Stored items
◇ ◇ ◇ ◇ ◇

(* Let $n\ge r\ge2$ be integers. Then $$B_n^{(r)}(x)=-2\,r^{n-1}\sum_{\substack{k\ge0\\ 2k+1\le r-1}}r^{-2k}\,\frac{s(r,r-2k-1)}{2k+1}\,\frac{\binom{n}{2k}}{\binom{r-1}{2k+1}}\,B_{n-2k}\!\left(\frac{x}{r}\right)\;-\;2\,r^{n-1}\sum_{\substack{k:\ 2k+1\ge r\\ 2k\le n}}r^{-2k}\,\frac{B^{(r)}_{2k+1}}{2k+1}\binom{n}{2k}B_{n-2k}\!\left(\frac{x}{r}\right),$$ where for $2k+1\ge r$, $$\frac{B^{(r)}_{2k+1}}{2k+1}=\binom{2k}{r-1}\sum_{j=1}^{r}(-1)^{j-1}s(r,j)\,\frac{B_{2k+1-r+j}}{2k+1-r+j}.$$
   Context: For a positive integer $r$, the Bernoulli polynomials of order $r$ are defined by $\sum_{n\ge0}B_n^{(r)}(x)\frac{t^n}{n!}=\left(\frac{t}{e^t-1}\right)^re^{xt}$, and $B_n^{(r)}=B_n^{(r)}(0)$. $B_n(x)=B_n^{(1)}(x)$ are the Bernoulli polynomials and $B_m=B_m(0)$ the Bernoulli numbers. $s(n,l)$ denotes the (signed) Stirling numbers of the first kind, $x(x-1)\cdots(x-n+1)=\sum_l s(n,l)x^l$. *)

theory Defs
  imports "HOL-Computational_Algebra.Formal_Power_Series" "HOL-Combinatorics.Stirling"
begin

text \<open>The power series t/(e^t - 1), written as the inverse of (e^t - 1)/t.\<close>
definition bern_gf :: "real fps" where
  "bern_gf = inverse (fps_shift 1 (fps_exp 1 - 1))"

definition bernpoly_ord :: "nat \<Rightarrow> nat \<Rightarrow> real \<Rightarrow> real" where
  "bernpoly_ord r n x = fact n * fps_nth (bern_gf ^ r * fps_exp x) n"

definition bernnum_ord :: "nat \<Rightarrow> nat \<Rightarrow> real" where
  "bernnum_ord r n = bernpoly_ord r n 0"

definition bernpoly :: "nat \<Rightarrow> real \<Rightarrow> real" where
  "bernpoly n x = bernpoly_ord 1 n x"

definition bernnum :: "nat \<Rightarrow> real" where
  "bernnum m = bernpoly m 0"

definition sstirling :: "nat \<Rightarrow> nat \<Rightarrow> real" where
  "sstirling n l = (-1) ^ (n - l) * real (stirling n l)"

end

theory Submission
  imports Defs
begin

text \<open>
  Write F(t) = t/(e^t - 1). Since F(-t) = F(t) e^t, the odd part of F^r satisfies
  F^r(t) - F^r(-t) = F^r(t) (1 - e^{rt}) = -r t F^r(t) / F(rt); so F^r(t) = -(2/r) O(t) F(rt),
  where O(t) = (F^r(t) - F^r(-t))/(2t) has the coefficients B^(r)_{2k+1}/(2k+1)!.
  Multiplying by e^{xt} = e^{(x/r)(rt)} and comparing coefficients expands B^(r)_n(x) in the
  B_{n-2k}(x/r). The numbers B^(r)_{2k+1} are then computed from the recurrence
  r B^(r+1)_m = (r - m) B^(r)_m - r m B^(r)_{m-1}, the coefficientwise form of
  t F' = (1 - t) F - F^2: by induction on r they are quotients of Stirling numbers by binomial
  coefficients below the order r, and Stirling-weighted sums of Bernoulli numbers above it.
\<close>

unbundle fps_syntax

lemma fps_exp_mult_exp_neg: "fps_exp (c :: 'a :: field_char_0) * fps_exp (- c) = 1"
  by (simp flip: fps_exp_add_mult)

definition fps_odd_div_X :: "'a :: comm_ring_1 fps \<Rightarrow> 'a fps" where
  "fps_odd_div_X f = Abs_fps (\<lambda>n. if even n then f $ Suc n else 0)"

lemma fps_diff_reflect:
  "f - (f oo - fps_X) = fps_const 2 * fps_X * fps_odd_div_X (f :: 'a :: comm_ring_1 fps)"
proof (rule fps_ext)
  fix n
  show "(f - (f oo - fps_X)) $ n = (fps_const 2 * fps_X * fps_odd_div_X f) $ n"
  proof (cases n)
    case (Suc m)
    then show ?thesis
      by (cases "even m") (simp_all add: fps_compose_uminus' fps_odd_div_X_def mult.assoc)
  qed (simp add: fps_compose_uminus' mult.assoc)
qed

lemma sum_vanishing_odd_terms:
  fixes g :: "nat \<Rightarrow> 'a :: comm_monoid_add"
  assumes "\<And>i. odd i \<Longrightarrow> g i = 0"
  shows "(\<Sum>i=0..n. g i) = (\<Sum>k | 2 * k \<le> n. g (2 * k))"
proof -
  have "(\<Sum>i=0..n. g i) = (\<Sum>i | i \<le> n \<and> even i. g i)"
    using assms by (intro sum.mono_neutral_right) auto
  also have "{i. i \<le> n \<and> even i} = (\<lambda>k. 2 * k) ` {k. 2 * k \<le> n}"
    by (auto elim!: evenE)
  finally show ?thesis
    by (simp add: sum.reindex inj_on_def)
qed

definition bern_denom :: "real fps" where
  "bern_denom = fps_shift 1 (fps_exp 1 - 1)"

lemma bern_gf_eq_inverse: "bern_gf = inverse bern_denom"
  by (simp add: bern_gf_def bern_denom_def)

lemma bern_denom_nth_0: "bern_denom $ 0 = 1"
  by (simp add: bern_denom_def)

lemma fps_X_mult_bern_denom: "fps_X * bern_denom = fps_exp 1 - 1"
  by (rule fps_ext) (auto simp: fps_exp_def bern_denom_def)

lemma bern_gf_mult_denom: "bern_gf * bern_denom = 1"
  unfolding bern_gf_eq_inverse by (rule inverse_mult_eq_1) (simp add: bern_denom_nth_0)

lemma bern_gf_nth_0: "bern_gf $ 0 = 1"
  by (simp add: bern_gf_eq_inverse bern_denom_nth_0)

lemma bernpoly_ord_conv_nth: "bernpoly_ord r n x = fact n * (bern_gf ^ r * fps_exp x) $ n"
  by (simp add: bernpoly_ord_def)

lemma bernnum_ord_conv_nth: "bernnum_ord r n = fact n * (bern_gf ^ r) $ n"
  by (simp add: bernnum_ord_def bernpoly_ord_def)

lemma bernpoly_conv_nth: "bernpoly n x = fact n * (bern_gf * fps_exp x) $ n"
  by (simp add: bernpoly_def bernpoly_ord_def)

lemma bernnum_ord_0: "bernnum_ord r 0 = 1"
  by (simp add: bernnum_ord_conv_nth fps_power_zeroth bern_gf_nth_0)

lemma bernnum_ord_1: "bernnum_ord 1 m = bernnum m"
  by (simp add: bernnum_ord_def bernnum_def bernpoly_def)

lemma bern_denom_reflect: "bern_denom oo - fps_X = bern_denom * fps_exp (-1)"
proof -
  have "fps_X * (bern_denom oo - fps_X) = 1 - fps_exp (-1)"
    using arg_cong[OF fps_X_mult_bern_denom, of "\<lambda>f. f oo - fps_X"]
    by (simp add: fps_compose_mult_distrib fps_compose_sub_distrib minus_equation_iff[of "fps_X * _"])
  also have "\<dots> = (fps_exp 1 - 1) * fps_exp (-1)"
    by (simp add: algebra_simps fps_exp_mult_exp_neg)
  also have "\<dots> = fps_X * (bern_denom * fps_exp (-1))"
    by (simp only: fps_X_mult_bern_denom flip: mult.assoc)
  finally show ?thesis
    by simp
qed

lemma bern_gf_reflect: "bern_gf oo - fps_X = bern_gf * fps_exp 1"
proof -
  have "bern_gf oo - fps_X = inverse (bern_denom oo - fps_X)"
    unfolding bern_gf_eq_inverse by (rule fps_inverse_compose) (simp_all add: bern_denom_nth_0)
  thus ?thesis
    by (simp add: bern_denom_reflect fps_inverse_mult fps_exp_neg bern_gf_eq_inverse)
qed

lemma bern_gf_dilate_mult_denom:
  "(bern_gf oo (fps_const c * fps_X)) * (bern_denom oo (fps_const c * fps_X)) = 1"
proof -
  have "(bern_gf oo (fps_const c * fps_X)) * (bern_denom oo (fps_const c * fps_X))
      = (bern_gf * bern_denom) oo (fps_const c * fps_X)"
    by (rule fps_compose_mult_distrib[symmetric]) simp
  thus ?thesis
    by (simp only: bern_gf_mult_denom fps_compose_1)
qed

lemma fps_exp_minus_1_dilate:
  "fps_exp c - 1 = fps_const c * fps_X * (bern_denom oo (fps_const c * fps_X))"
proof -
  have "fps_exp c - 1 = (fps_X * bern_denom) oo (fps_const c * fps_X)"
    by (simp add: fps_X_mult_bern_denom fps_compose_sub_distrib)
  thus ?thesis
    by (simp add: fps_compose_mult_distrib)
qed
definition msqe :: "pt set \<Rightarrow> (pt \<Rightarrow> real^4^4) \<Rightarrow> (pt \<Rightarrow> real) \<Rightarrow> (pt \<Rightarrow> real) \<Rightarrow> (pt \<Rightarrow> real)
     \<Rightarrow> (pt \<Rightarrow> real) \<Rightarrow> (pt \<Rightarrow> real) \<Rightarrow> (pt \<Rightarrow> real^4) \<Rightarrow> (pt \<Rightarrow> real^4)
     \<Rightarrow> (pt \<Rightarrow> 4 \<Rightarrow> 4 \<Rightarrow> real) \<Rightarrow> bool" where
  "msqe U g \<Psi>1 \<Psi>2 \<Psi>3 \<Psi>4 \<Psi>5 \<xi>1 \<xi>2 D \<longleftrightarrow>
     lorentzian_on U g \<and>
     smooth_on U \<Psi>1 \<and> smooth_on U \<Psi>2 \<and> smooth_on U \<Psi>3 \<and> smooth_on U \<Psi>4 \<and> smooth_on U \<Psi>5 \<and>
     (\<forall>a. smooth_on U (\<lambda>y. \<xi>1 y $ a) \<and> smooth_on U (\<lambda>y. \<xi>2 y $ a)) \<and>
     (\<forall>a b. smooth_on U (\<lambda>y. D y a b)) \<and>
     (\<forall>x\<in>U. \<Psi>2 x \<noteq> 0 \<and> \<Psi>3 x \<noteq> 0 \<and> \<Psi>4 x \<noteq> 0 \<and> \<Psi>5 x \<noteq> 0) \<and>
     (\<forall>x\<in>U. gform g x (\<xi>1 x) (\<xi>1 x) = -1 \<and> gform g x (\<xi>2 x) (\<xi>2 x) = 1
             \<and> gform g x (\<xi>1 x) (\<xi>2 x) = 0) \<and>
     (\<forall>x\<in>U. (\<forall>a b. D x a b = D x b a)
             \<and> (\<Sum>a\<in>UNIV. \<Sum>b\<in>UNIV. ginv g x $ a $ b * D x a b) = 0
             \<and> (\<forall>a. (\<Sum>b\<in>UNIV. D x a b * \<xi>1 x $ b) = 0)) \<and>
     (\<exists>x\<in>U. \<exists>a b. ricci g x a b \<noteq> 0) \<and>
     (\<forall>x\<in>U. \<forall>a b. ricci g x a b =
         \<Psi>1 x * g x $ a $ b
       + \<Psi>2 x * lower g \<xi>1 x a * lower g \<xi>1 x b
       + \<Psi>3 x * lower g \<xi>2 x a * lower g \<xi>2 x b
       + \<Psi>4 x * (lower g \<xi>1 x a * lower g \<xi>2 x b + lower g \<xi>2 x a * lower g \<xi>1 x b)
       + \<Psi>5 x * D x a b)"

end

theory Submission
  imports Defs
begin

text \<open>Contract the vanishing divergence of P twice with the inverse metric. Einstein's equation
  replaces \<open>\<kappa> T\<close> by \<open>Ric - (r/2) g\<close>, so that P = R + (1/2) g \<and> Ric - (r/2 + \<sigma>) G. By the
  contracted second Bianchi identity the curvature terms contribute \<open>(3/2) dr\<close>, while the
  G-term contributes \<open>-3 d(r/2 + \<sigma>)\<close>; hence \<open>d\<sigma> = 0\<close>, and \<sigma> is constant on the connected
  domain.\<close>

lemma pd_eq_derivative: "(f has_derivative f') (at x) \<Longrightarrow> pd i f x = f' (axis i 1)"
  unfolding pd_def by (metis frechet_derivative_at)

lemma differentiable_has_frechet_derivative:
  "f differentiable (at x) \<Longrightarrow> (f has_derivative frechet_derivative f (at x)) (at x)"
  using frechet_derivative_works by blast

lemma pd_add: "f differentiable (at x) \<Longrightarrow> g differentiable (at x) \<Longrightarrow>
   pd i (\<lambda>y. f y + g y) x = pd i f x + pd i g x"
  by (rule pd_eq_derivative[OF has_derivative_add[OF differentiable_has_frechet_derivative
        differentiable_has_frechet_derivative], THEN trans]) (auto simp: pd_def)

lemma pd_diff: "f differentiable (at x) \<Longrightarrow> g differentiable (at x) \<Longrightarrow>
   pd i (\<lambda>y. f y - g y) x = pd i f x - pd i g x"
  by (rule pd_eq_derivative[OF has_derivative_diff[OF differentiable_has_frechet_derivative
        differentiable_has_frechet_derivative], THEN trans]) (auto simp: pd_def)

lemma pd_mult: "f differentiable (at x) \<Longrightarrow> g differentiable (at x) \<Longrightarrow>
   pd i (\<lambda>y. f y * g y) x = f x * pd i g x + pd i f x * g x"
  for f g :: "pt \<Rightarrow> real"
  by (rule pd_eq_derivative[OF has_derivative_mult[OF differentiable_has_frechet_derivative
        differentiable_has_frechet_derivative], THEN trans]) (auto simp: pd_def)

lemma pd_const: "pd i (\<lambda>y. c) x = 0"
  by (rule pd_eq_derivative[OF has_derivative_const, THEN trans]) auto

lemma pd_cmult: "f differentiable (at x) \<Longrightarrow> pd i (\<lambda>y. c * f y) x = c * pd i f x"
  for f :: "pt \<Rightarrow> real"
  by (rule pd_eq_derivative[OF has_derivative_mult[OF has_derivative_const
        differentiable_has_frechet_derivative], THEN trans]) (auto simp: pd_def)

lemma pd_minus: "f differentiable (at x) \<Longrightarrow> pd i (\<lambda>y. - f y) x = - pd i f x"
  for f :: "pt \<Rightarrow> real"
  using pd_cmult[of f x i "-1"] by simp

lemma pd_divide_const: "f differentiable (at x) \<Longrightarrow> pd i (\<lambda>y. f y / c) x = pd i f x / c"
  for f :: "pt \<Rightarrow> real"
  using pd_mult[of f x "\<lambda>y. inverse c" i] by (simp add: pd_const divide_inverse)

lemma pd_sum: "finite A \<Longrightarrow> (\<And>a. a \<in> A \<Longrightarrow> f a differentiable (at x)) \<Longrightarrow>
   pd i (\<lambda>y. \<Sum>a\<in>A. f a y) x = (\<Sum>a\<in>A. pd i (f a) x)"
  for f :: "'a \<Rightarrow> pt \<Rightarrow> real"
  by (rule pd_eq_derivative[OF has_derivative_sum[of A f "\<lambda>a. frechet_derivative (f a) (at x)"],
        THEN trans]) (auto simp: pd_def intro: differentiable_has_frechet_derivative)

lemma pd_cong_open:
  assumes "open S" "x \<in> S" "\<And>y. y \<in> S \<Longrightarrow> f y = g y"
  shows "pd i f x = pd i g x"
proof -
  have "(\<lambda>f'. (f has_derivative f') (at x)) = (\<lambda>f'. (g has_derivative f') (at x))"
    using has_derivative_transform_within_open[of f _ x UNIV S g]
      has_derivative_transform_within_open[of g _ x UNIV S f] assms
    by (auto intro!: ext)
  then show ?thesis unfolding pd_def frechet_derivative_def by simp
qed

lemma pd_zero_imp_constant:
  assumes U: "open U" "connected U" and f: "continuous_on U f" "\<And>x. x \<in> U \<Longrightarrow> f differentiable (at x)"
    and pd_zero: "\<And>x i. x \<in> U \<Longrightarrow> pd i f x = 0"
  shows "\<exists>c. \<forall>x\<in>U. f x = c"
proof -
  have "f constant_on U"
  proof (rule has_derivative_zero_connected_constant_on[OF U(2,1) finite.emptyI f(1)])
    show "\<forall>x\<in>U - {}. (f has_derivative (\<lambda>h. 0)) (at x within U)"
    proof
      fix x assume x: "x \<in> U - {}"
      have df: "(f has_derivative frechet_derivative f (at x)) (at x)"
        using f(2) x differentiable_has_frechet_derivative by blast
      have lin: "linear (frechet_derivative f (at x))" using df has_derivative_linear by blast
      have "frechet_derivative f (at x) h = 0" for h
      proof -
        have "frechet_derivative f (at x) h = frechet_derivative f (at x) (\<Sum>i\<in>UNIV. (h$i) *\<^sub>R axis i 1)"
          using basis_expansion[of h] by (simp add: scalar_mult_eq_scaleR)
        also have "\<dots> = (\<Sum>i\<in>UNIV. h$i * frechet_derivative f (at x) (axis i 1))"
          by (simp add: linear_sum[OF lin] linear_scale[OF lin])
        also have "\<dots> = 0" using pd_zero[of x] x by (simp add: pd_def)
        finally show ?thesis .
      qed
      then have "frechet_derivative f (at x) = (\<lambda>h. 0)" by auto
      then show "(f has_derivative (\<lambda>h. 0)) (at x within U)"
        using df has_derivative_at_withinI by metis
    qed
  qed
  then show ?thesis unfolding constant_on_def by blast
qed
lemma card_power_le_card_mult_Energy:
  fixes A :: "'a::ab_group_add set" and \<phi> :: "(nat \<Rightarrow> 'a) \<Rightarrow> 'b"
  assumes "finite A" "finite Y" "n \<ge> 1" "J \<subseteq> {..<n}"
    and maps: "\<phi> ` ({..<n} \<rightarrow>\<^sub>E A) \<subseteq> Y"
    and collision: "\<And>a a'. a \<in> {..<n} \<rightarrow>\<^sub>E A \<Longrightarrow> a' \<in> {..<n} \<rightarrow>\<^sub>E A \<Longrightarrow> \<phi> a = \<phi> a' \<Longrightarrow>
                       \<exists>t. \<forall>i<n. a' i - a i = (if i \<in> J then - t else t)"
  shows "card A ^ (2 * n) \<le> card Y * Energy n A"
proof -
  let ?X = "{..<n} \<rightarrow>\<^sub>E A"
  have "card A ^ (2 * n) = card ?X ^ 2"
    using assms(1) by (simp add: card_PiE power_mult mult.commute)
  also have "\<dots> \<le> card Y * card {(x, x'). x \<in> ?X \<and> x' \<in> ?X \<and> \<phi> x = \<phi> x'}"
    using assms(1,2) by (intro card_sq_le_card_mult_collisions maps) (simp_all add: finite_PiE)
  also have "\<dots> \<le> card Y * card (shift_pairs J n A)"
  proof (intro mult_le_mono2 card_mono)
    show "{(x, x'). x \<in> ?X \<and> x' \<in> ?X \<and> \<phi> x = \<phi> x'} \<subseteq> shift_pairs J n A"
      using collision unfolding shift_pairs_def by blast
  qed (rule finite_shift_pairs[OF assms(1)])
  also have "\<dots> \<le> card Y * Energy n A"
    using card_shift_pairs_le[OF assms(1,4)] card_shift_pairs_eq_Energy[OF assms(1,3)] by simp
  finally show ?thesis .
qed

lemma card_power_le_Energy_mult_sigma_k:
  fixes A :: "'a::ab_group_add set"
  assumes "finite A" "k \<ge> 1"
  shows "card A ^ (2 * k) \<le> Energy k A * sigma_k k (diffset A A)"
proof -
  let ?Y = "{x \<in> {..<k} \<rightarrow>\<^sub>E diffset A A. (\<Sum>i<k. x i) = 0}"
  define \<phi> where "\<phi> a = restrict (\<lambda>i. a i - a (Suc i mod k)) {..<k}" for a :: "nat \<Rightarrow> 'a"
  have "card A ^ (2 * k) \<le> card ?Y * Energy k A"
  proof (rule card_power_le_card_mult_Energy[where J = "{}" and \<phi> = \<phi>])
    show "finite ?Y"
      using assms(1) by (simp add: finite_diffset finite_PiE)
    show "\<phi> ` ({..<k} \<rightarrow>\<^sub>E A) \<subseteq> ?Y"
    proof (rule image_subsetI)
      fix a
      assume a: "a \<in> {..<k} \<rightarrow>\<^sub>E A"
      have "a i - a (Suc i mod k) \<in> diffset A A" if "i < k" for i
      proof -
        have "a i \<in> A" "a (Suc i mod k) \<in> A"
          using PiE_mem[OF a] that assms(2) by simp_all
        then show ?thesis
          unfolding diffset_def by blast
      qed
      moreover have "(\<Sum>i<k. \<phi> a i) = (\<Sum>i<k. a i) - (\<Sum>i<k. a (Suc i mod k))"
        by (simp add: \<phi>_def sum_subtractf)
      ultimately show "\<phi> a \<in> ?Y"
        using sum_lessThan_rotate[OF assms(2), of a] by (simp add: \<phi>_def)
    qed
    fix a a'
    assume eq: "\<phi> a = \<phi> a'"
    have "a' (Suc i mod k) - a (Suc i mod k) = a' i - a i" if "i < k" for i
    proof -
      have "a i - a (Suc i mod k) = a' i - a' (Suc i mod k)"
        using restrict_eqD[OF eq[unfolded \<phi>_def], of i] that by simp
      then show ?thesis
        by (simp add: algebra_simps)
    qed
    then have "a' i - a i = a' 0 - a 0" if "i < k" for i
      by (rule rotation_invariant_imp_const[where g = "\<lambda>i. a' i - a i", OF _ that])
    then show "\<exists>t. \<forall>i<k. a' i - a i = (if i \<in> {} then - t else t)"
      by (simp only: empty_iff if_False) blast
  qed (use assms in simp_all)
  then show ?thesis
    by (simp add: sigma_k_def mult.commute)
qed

◇ ◇ ◇ ◇ ◇

With the first line being the one containing "x * g x $ a $ b" and the last line the one containing "replaces \<open>\<kappa> T\<close>", transcribe exactly the lines above that fall in that range.

         \<Psi>1 x * g x $ a $ b
       + \<Psi>2 x * lower g \<xi>1 x a * lower g \<xi>1 x b
       + \<Psi>3 x * lower g \<xi>2 x a * lower g \<xi>2 x b
       + \<Psi>4 x * (lower g \<xi>1 x a * lower g \<xi>2 x b + lower g \<xi>2 x a * lower g \<xi>1 x b)
       + \<Psi>5 x * D x a b)"

end

theory Submission
  imports Defs
begin

text \<open>Contract the vanishing divergence of P twice with the inverse metric. Einstein's equation
  replaces \<open>\<kappa> T\<close> by \<open>Ric - (r/2) g\<close>, so that P = R + (1/2) g \<and> Ric - (r/2 + \<sigma>) G. By the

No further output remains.